Читать «Курс на худшее: Абсурд как категория текста у Д.Хармса и С.Беккета» онлайн - страница 37

Дмитрий Викторович Токарев

В высшей степени характерно, что для Хармса познание добра и зла и познание сексуальное неразрывно связаны: в его насыщенном эротическими мотивами творчестве яблоко с древа познания лишь выводит на поверхность, делает осознанной ту скрытую, бессознательную сексуальность, которая составляет основу женской природы.
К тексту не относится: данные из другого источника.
(* Let $a\in(\frac12,\frac23]$. Define \[ d_n=\begin{cases} t_1, & n=0,\\ \min\big\{\frac{t_1+1}{1},\dots,\frac{t_n+1}{n},\frac{t_{n+1}}{n+1}\big\}, & 1\le n<\sigma_a,\\ \min\big\{\frac{t_1+1}{1},\dots,\frac{t_n+1}{n}\big\}, & n=\sigma_a<\infty.\end{cases} \] Then for any $x\in[0,1)$ and integers $k,n$ with $0\le n\le\sigma_a$ and $0\le k\le\sigma_a(x)$ we have $d_n\ge t_1$ and \[ t_k(x)\ge k\,d_n-\mathbb 1\{n\neq0\}. \]
   Context: For $a\in[\frac12,\frac23]$ let $I_a=\big(\frac{2a-1}{1-a},1\big)$ and define $T_a$ on $[0,\frac1{1-a}]\setminus I_a$ by $T_a(x)=\frac1a(x+1)$ for $0\le x\le\frac{2a-1}{1-a}$ and $T_a(x)=\frac1a(x-1)$ for $1\le x\le\frac1{1-a}$; for $a=\frac23$ set $T_{2/3}(1)=0$. Let $\varkappa_a(x)=\inf\{k\ge0:T_a^k(x)\in I_a\}$ ($\inf\emptyset=\infty$). Let $\sigma_a(x)=\sum_{n=1}^{\varkappa_a(x)}\mathbb 1\{T_a^n(x)<1\}$ (the number of returns to $[0,1)$), $t_0(x)=0$ and $t_k(x)=\inf\{n>t_{k-1}(x):T_a^n(x)<1\}$ for $1\le k<\sigma_a(x)+1$ (the return times). Write $\sigma_a=\sigma_a(0)$ and $t_k=t_k(0)$. *)

theory Defs
  imports Complex_Main "HOL-Library.Extended_Nat"
begin

definition hole :: "real \<Rightarrow> real set" where
  "hole a = {(2*a-1)/(1-a) <..< 1}"

(* The map T_a; values on the hole I_a are irrelevant (T_a undefined there).
   For a = 2/3 the convention T_{2/3}(1) = 0 is built in. *)
definition Tmap :: "real \<Rightarrow> real \<Rightarrow> real" where
  "Tmap a x = (if a = 2/3 \<and> x = 1 then 0
               else if x \<le> (2*a-1)/(1-a) then (x+1)/a else (x-1)/a)"

definition kappa :: "real \<Rightarrow> real \<Rightarrow> enat" where
  "kappa a x = (if \<exists>k. (Tmap a ^^ k) x \<in> hole a
                then enat (LEAST k. (Tmap a ^^ k) x \<in> hole a) else \<infinity>)"

definition sigma :: "real \<Rightarrow> real \<Rightarrow> enat" where
  "sigma a x = (let S = {n::nat. 1 \<le> n \<and> enat n \<le> kappa a x \<and> (Tmap a ^^ n) x < 1}
                in if finite S then enat (card S) else \<infinity>)"

(* return times t_k(x); meaningful for k \<le> sigma a x *)
fun tret :: "real \<Rightarrow> real \<Rightarrow> nat \<Rightarrow> nat" where
  "tret a x 0 = 0"
| "tret a x (Suc k) = (LEAST n. tret a x k < n \<and> (Tmap a ^^ n) x < 1)"

(* d_n, with t_j = t_j(0); meaningful for n \<le> sigma_a = sigma a 0 *)
definition dseq :: "real \<Rightarrow> nat \<Rightarrow> real" where
  "dseq a n = (if n = 0 then real (tret a 0 1)
     else if enat n < sigma a 0 then
       min (Min ((\<lambda>j. (real (tret a 0 j) + 1) / real j) ` {1..n}))
           (real (tret a 0 (n+1)) / real (n+1))
     else Min ((\<lambda>j. (real (tret a 0 j) + 1) / real j) ` {1..n}))"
Познание пола есть познание зла, и оно навязывается мужчине женщиной: если Ева, намереваясь съесть яблоко, лишь поддается своим бессознательным стремлениям, то, отведав его, она сразу же, и причем уже сознательно, требует от Адама удовлетворения ее сексуальности; она, увидев себя голой, хочет, чтобы он также осознал свою наготу и потерял тем самым свою невинность.

Первородный грех, — пишет Бердяев, — связан прежде всего с половым разрывом, с падением андрогина, с падением человека как существа целостного, с утерей человеческой девственности и образованием дурной мужественности и дурной женственности.

Хармсовские тексты демонстрируют ту же закономерность: грехопадение проявляется как возникновение пола и как потеря райской целостности, гармоничности, что приводит к появлению сознания, а всякое сознание, по словам Бердяева, есть сознание несчастное. Хуже всего то, что появление сексуальности является тем детонатором, взрыв которого запускает в действие цепную реакцию причинно-следственных связей: утеря бессознательности райского существования влечет за собой осознание своей наготы и в результате стыд и потребность прикрыть ее. Только осознав наготу как что-то постыдное, человек и становится человеком; теперь он должен жить в мире, где «я» противоположно «ты», а «они» будут вечно стремиться подчинить себе конкретного человека, ассимилировать его «я». «Мне стыдно», — говорит Адам в хармсовском «Грехопадении», и это признание кладет начало пугающему «развертыванию», разрастанию мира, в котором каждый предмет требует появления другого, затягивая человека в паутину причин и следствий. Такое окружение себя предметами Хармс называет, в «Трактате более или менее по конспекту Эмерсена» (1939), неправильным (см. далее, с. 288–289).